__What you are asked to do__: Once every line in the data that follows has been checked for the word "thesis", give only the number of lines that hold it.

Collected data
***

(* Let $(\mathcal S,E)$ be an information structure, $Q$ an adapted probability functor, $\alpha>0$, and let $f$ be a $1$-cocycle in $Z^1(\mathcal S,F_\alpha(Q))$. Then (1) $f[\mathbf 1]\equiv0$; and (2) for every $X\in\mathrm{Ob}\,\mathcal S$ and every $x\in E_X$ such that the Dirac law $\delta_x$ belongs to $Q_X$, $f[X](\delta_x)=0$.
   Context: An information structure is a pair $(\mathcal S,E)$: $\mathcal S$ a small poset category with terminal object $\mathbf 1$ and finite-dimensional nerve, in which the product $XY:=X\wedge Y$ exists whenever $X$ and $Y$ have a common refinement, and $E:\mathcal S\to\mathcal{Sets}$ a functor ($E_X:=E(X)$) with $E(\mathbf 1)$ a singleton, $E(\pi)$ a strict surjection for non-identity arrows, $|E(\pi)^{-1}(x)\cap E(\sigma)^{-1}(y)|\le1$ for product diagrams $X\xleftarrow{\pi}X\wedge Y\xrightarrow{\sigma}Y$, and every $x\in E(X)$ the $X$-component of an element of $\lim E$. $\mathcal S_X=\{Y:X\to Y\}$. A probability functor $Q$ gives a simplicial subcomplex $Q_X$ of the simplex of laws on $E_X$ for each $X$, with marginalizations $\pi_*$; $P(Y=y):=\pi_*P(y)$; conditional laws $P|_{Y=y}$; $Q$ adapted = stable under conditioning. $F_\alpha(Q_X)$: measurable functions on $Q_X$ with action $(Y.f)(P)=\sum_{y\in E_Y}P(Y=y)^\alpha f(P|_{Y=y})$ (zero summands when $P(Y=y)=0$). A $1$-cochain is a family of measurable functions $f_X[Y]$ on $Q_X$ for $Y\in\mathcal S_X$, with $f_X[Y](P)=f_Y[Y](Y_*P)$; one writes $f[Y]$. It is a $1$-cocycle if for all $X$ and $Y,Z\in\mathcal S_X$: $Y.f[Z]-f[YZ]+f[Y]=0$ as functions on $Q_X$. *)

theory Defs
  imports "HOL-Analysis.Analysis"
begin

(* Objects of the poset category S are the elements of type 'o; le X Y means
   there is an arrow X -> Y (Y is coarser than X).  E X :: 'e set is the value
   set E_X, and proj X Y :: 'e => 'e is E(X -> Y) (only meaningful on E X).  *)

definition is_glb :: "('o \<Rightarrow> 'o \<Rightarrow> bool) \<Rightarrow> 'o \<Rightarrow> 'o \<Rightarrow> 'o \<Rightarrow> bool" where
  "is_glb le W X Y \<longleftrightarrow> le W X \<and> le W Y \<and> (\<forall>Z. le Z X \<and> le Z Y \<longrightarrow> le Z W)"

(* the product XY = X \<and> Y (meaningful when X, Y have a common refinement) *)
definition meet :: "('o \<Rightarrow> 'o \<Rightarrow> bool) \<Rightarrow> 'o \<Rightarrow> 'o \<Rightarrow> 'o" where
  "meet le X Y = (THE W. is_glb le W X Y)"

definition info_structure ::
  "('o \<Rightarrow> 'o \<Rightarrow> bool) \<Rightarrow> 'o \<Rightarrow> ('o \<Rightarrow> 'e set) \<Rightarrow> ('o \<Rightarrow> 'o \<Rightarrow> 'e \<Rightarrow> 'e) \<Rightarrow> bool" where
  "info_structure le one E proj \<longleftrightarrow>
     \<comment> \<open>poset category\<close>
     (\<forall>X. le X X) \<and> (\<forall>X Y Z. le X Y \<longrightarrow> le Y Z \<longrightarrow> le X Z) \<and>
     (\<forall>X Y. le X Y \<longrightarrow> le Y X \<longrightarrow> X = Y) \<and>
     \<comment> \<open>terminal object\<close>
     (\<forall>X. le X one) \<and>
     \<comment> \<open>finite-dimensional nerve: strict chains have bounded length\<close>
     (\<exists>n. \<forall>xs. sorted_wrt (\<lambda>A B. le A B \<and> A \<noteq> B) xs \<longrightarrow> length xs \<le> n) \<and>
     \<comment> \<open>products exist whenever a common refinement exists\<close>
     (\<forall>X Y. (\<exists>Z. le Z X \<and> le Z Y) \<longrightarrow> (\<exists>W. is_glb le W X Y)) \<and>
     \<comment> \<open>E is a functor into finite sets\<close>
     (\<forall>X. finite (E X)) \<and>
     (\<forall>X Y. le X Y \<longrightarrow> proj X Y ` E X \<subseteq> E Y) \<and>
     (\<forall>X. \<forall>x\<in>E X. proj X X x = x) \<and>
     (\<forall>X Y Z. le X Y \<longrightarrow> le Y Z \<longrightarrow> (\<forall>x\<in>E X. proj Y Z (proj X Y x) = proj X Z x)) \<and>
     \<comment> \<open>E(1) is a singleton\<close>
     (\<exists>a. E one = {a}) \<and>
     \<comment> \<open>strict surjections for non-identity arrows\<close>
     (\<forall>X Y. le X Y \<longrightarrow> X \<noteq> Y \<longrightarrow> proj X Y ` E X = E Y \<and> \<not> inj_on (proj X Y) (E X)) \<and>
     \<comment> \<open>product condition\<close>
     (\<forall>X Y. (\<exists>Z. le Z X \<and> le Z Y) \<longrightarrow>
        (\<forall>x y. card {z \<in> E (meet le X Y). proj (meet le X Y) X z = x \<and> proj (meet le X Y) Y z = y} \<le> 1)) \<and>
     \<comment> \<open>every x in E X is the X-component of an element of lim E\<close>
     (\<forall>X. \<forall>x\<in>E X. \<exists>s. (\<forall>Z. s Z \<in> E Z) \<and> (\<forall>Z W. le Z W \<longrightarrow> proj Z W (s Z) = s W) \<and> s X = x)"

definition law :: "'e set \<Rightarrow> ('e \<Rightarrow> real) \<Rightarrow> bool" where
  "law A P \<longleftrightarrow> (\<forall>x. 0 \<le> P x) \<and> (\<forall>x. x \<notin> A \<longrightarrow> P x = 0) \<and> (\<Sum>x\<in>A. P x) = 1"

definition marg :: "('o \<Rightarrow> 'e set) \<Rightarrow> ('o \<Rightarrow> 'o \<Rightarrow> 'e \<Rightarrow> 'e) \<Rightarrow> 'o \<Rightarrow> 'o \<Rightarrow> ('e \<Rightarrow> real) \<Rightarrow> 'e \<Rightarrow> real" where
  "marg E proj X Y P y = (\<Sum>x\<in>{x \<in> E X. proj X Y x = y}. P x)"

definition cond :: "('o \<Rightarrow> 'e set) \<Rightarrow> ('o \<Rightarrow> 'o \<Rightarrow> 'e \<Rightarrow> 'e) \<Rightarrow> 'o \<Rightarrow> 'o \<Rightarrow> ('e \<Rightarrow> real) \<Rightarrow> 'e \<Rightarrow> 'e \<Rightarrow> real" where
  "cond E proj X Y P y = (\<lambda>x. if x \<in> E X \<and> proj X Y x = y then P x / marg E proj X Y P y else 0)"

(* Q is a probability functor: each Q X is (the realization of) a simplicial
   subcomplex of the simplex of laws on E X, stable under marginalizations *)
definition prob_functor ::
  "('o \<Rightarrow> 'o \<Rightarrow> bool) \<Rightarrow> ('o \<Rightarrow> 'e set) \<Rightarrow> ('o \<Rightarrow> 'o \<Rightarrow> 'e \<Rightarrow> 'e) \<Rightarrow> ('o \<Rightarrow> ('e \<Rightarrow> real) set) \<Rightarrow> bool" where
  "prob_functor le E proj Q \<longleftrightarrow>
     (\<forall>X. \<exists>K. K \<subseteq> Pow (E X) \<and> (\<forall>\<sigma>\<in>K. \<forall>\<tau>. \<tau> \<subseteq> \<sigma> \<longrightarrow> \<tau> \<in> K) \<and>
           Q X = {P. law (E X) P \<and> {x \<in> E X. P x \<noteq> 0} \<in> K}) \<and>
     (\<forall>X Y. le X Y \<longrightarrow> (\<forall>P\<in>Q X. marg E proj X Y P \<in> Q Y))"

definition adapted ::
  "('o \<Rightarrow> 'o \<Rightarrow> bool) \<Rightarrow> ('o \<Rightarrow> 'e set) \<Rightarrow> ('o \<Rightarrow> 'o \<Rightarrow> 'e \<Rightarrow> 'e) \<Rightarrow> ('o \<Rightarrow> ('e \<Rightarrow> real) set) \<Rightarrow> bool" where
  "adapted le E proj Q \<longleftrightarrow>
     (\<forall>X Y P y. le X Y \<longrightarrow> P \<in> Q X \<longrightarrow> y \<in> E Y \<longrightarrow> marg E proj X Y P y \<noteq> 0 \<longrightarrow>
        cond E proj X Y P y \<in> Q X)"

definition act :: "('o \<Rightarrow> 'e set) \<Rightarrow> ('o \<Rightarrow> 'o \<Rightarrow> 'e \<Rightarrow> 'e) \<Rightarrow> real \<Rightarrow> 'o \<Rightarrow> 'o \<Rightarrow>
     (('e \<Rightarrow> real) \<Rightarrow> real) \<Rightarrow> ('e \<Rightarrow> real) \<Rightarrow> real" where
  "act E proj \<alpha> X Y g P =
     (\<Sum>y\<in>E Y. if marg E proj X Y P y = 0 then 0
               else marg E proj X Y P y powr \<alpha> * g (cond E proj X Y P y))"

(* f X Y is f_X[Y], a measurable function on Q_X *)
definition cochain1 ::
  "('o \<Rightarrow> 'o \<Rightarrow> bool) \<Rightarrow> ('o \<Rightarrow> 'e set) \<Rightarrow> ('o \<Rightarrow> 'o \<Rightarrow> 'e \<Rightarrow> 'e) \<Rightarrow> ('o \<Rightarrow> ('e \<Rightarrow> real) set) \<Rightarrow>
     ('o \<Rightarrow> 'o \<Rightarrow> ('e \<Rightarrow> real) \<Rightarrow> real) \<Rightarrow> bool" where
  "cochain1 le E proj Q f \<longleftrightarrow>
     (\<forall>X Y. le X Y \<longrightarrow> f X Y \<in> borel_measurable (restrict_space borel (Q X))) \<and>
     (\<forall>X Y. le X Y \<longrightarrow> (\<forall>P\<in>Q X. f X Y P = f Y Y (marg E proj X Y P)))"

definition cocycle1 ::
  "('o \<Rightarrow> 'o \<Rightarrow> bool) \<Rightarrow> ('o \<Rightarrow> 'e set) \<Rightarrow> ('o \<Rightarrow> 'o \<Rightarrow> 'e \<Rightarrow> 'e) \<Rightarrow> ('o \<Rightarrow> ('e \<Rightarrow> real) set) \<Rightarrow> real \<Rightarrow>
     ('o \<Rightarrow> 'o \<Rightarrow> ('e \<Rightarrow> real) \<Rightarrow> real) \<Rightarrow> bool" where
  "cocycle1 le E proj Q \<alpha> f \<longleftrightarrow> cochain1 le E proj Q f \<and>
     (\<forall>X Y Z. le X Y \<longrightarrow> le X Z \<longrightarrow> (\<forall>P\<in>Q X.
        act E proj \<alpha> X Y (f X Z) P - f X (meet le Y Z) P + f X Y P = 0))"

definition dirac :: "'e \<Rightarrow> 'e \<Rightarrow> real" where
  "dirac x = (\<lambda>y. if y = x then 1 else 0)"

end

theory Submission
  imports Defs
begin

(* Setting Y = Z in the cocycle identity and using YY = Y gives Y.f[Y] = 0.
   The action of Y is the identity on every law carried by a single fibre of Y,
   because conditioning on that fibre changes nothing and all other fibres have
   mass zero.  Every law on E_X is carried by the unique fibre of X -> 1, and
   the Dirac law at x by the fibre {x} of the identity X -> X; in both cases
   f[Y](P) = Y.f[Y](P) = 0. *)

lemma meet_refl:
  assumes refl: "le X X" and antisym: "\<And>W. le W X \<Longrightarrow> le X W \<Longrightarrow> W = X"
  shows "meet le X X = X"
  unfolding meet_def
proof (rule the_equality)
  show "is_glb le X X X" unfolding is_glb_def using refl by simp
next
  fix W assume "is_glb le W X X"
  then have "le W X" and "le X W" unfolding is_glb_def using refl by auto
  then show "W = X" by (rule antisym)
qed

lemma info_structure_le_refl: "info_structure le one E proj \<Longrightarrow> le X X"
  unfolding info_structure_def by (elim conjE) fast

lemma info_structure_le_antisym:
  "info_structure le one E proj \<Longrightarrow> le X Y \<Longrightarrow> le Y X \<Longrightarrow> X = Y"
  unfolding info_structure_def by (elim conjE) fast

lemma info_structure_le_one: "info_structure le one E proj \<Longrightarrow> le X one"
  unfolding info_structure_def by (elim conjE) fast

lemma info_structure_finite: "info_structure le one E proj \<Longrightarrow> finite (E X)"
  unfolding info_structure_def by (elim conjE) fast

lemma info_structure_singleton_one: "info_structure le one E proj \<Longrightarrow> \<exists>a. E one = {a}"
  unfolding info_structure_def by (elim conjE) fast

lemma info_structure_proj_mem:
  "info_structure le one E proj \<Longrightarrow> le X Y \<Longrightarrow> x \<in> E X \<Longrightarrow> proj X Y x \<in> E Y"
  unfolding info_structure_def by (elim conjE) fast

lemma info_structure_proj_id:
  "info_structure le one E proj \<Longrightarrow> x \<in> E X \<Longrightarrow> proj X X x = x"
  unfolding info_structure_def by (elim conjE) fast

lemma info_structure_meet_refl:
  assumes "info_structure le one E proj"
  shows "meet le X X = X"
  by (rule meet_refl[OF info_structure_le_refl[OF assms] info_structure_le_antisym[OF assms]])

lemma prob_functor_law:
  assumes "prob_functor le E proj Q" and "P \<in> Q X"
  shows "law (E X) P"
proof -
  have "\<exists>K. K \<subseteq> Pow (E X) \<and> (\<forall>\<sigma>\<in>K. \<forall>\<tau>. \<tau> \<subseteq> \<sigma> \<longrightarrow> \<tau> \<in> K) \<and>
      Q X = {P. law (E X) P \<and> {x \<in> E X. P x \<noteq> 0} \<in> K}"
    using conjunct1[OF assms(1)[unfolded prob_functor_def]] by (rule spec)
  then obtain K where "Q X = {P. law (E X) P \<and> {x \<in> E X. P x \<noteq> 0} \<in> K}"
    by (elim exE conjE)
  with assms(2) show ?thesis by simp
qed

lemma cocycle1_act_self:
  assumes "cocycle1 le E proj Q \<alpha> f" and "meet le Y Y = Y" and "le X Y" and "P \<in> Q X"
  shows "act E proj \<alpha> X Y (f X Y) P = 0"
proof -
  have "\<forall>X Y Z. le X Y \<longrightarrow> le X Z \<longrightarrow> (\<forall>P\<in>Q X.
      act E proj \<alpha> X Y (f X Z) P - f X (meet le Y Z) P + f X Y P = 0)"
    using assms(1) unfolding cocycle1_def by (rule conjunct2)
  then have "act E proj \<alpha> X Y (f X Y) P - f X (meet le Y Y) P + f X Y P = 0"
    using assms(3,4) by blast
  with assms(2) show ?thesis by simp
qed

lemma law_vanishes_off_full_fibre:
  assumes "law (E X) P" and "finite (E X)" and "marg E proj X Y P y = 1"
    and "x \<in> E X" and "proj X Y x \<noteq> y"
  shows "P x = 0"
proof -
  let ?F = "{x \<in> E X. proj X Y x = y}"
  have "(\<Sum>x\<in>E X. P x) = (\<Sum>x\<in>E X - ?F. P x) + (\<Sum>x\<in>?F. P x)"
    using assms(2) by (intro sum.subset_diff) auto
  then have "(\<Sum>x\<in>E X - ?F. P x) = 0"
    using assms(1,3) unfolding law_def marg_def by simp
  moreover have "x \<in> E X - ?F" using assms(4,5) by simp
  ultimately show "P x = 0"
    using assms(1,2) unfolding law_def by (simp add: sum_nonneg_eq_0_iff)
qed

lemma act_law_on_one_fibre:
  assumes "law (E X) P" and "finite (E X)" and "finite (E Y)"
    and "y \<in> E Y" and "marg E proj X Y P y = 1"
  shows "act E proj \<alpha> X Y g P = g P"
proof -
  have off: "P x = 0" if "x \<in> E X" "proj X Y x \<noteq> y" for x
    using law_vanishes_off_full_fibre[OF assms(1,2,5) that] .
  have other_fibres: "marg E proj X Y P y' = 0" if "y' \<noteq> y" for y'
    unfolding marg_def using off that by (intro sum.neutral) auto
  have "cond E proj X Y P y = P"
    using assms(1,5) off unfolding cond_def law_def by (auto simp: fun_eq_iff)
  then have "act E proj \<alpha> X Y g P = (\<Sum>y'\<in>E Y. if y' = y then g P else 0)"
    unfolding act_def using other_fibres assms(5) by (intro sum.cong) auto
  also have "\<dots> = g P" using assms(3,4) by simp
  finally show ?thesis .
qed

theorem proposition4p7:
  fixes le :: "'o \<Rightarrow> 'o \<Rightarrow> bool" and one :: 'o and E :: "'o \<Rightarrow> 'e set"
    and proj :: "'o \<Rightarrow> 'o \<Rightarrow> 'e \<Rightarrow> 'e" and Q :: "'o \<Rightarrow> ('e \<Rightarrow> real) set"
    and \<alpha> :: real and f :: "'o \<Rightarrow> 'o \<Rightarrow> ('e \<Rightarrow> real) \<Rightarrow> real"
  assumes "info_structure le one E proj"
    and "prob_functor le E proj Q"
    and "adapted le E proj Q"
    and "\<alpha> > 0"
    and "cocycle1 le E proj Q \<alpha> f"
  shows "(\<forall>X. \<forall>P\<in>Q X. f X one P = 0) \<and>
         (\<forall>X. \<forall>x\<in>E X. dirac x \<in> Q X \<longrightarrow> f X X (dirac x) = 0)"
proof (intro conjI allI ballI impI)
  have self_zero: "act E proj \<alpha> X Y (f X Y) P = 0" if "le X Y" "P \<in> Q X" for X Y P
    using cocycle1_act_self[OF assms(5) info_structure_meet_refl[OF assms(1)] that] .
  note fin = info_structure_finite[OF assms(1)]
  fix X
  show "f X one P = 0" if P: "P \<in> Q X" for P
  proof -
    obtain a where a: "E one = {a}" using info_structure_singleton_one[OF assms(1)] by blast
    have to_a: "proj X one x = a" if "x \<in> E X" for x
      using info_structure_proj_mem[OF assms(1) info_structure_le_one[OF assms(1)] that] a by simp
    have law: "law (E X) P" using prob_functor_law[OF assms(2) P] .
    moreover have "{x \<in> E X. proj X one x = a} = E X" using to_a by blast
    ultimately have "marg E proj X one P a = 1" unfolding marg_def law_def by simp
    then have "act E proj \<alpha> X one (f X one) P = f X one P"
      using act_law_on_one_fibre[of E X P one a, OF law fin fin] a by simp
    with self_zero[OF info_structure_le_one[OF assms(1)] P] show ?thesis by simp
  qed
  show "f X X (dirac x) = 0" if x: "x \<in> E X" and D: "dirac x \<in> Q X" for x
  proof -
    have "{z \<in> E X. proj X X z = x} = {x}"
      using x info_structure_proj_id[OF assms(1)] by auto
    then have "marg E proj X X (dirac x) x = 1" unfolding marg_def dirac_def by simp
    then have "act E proj \<alpha> X X (f X X) (dirac x) = f X X (dirac x)"
      using act_law_on_one_fibre[of E X "dirac x" X x, OF prob_functor_law[OF assms(2) D] fin fin x] by simp
    with self_zero[OF info_structure_le_refl[OF assms(1)] D] show ?thesis by simp
  qed
qed

end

***

__Answer section__: 5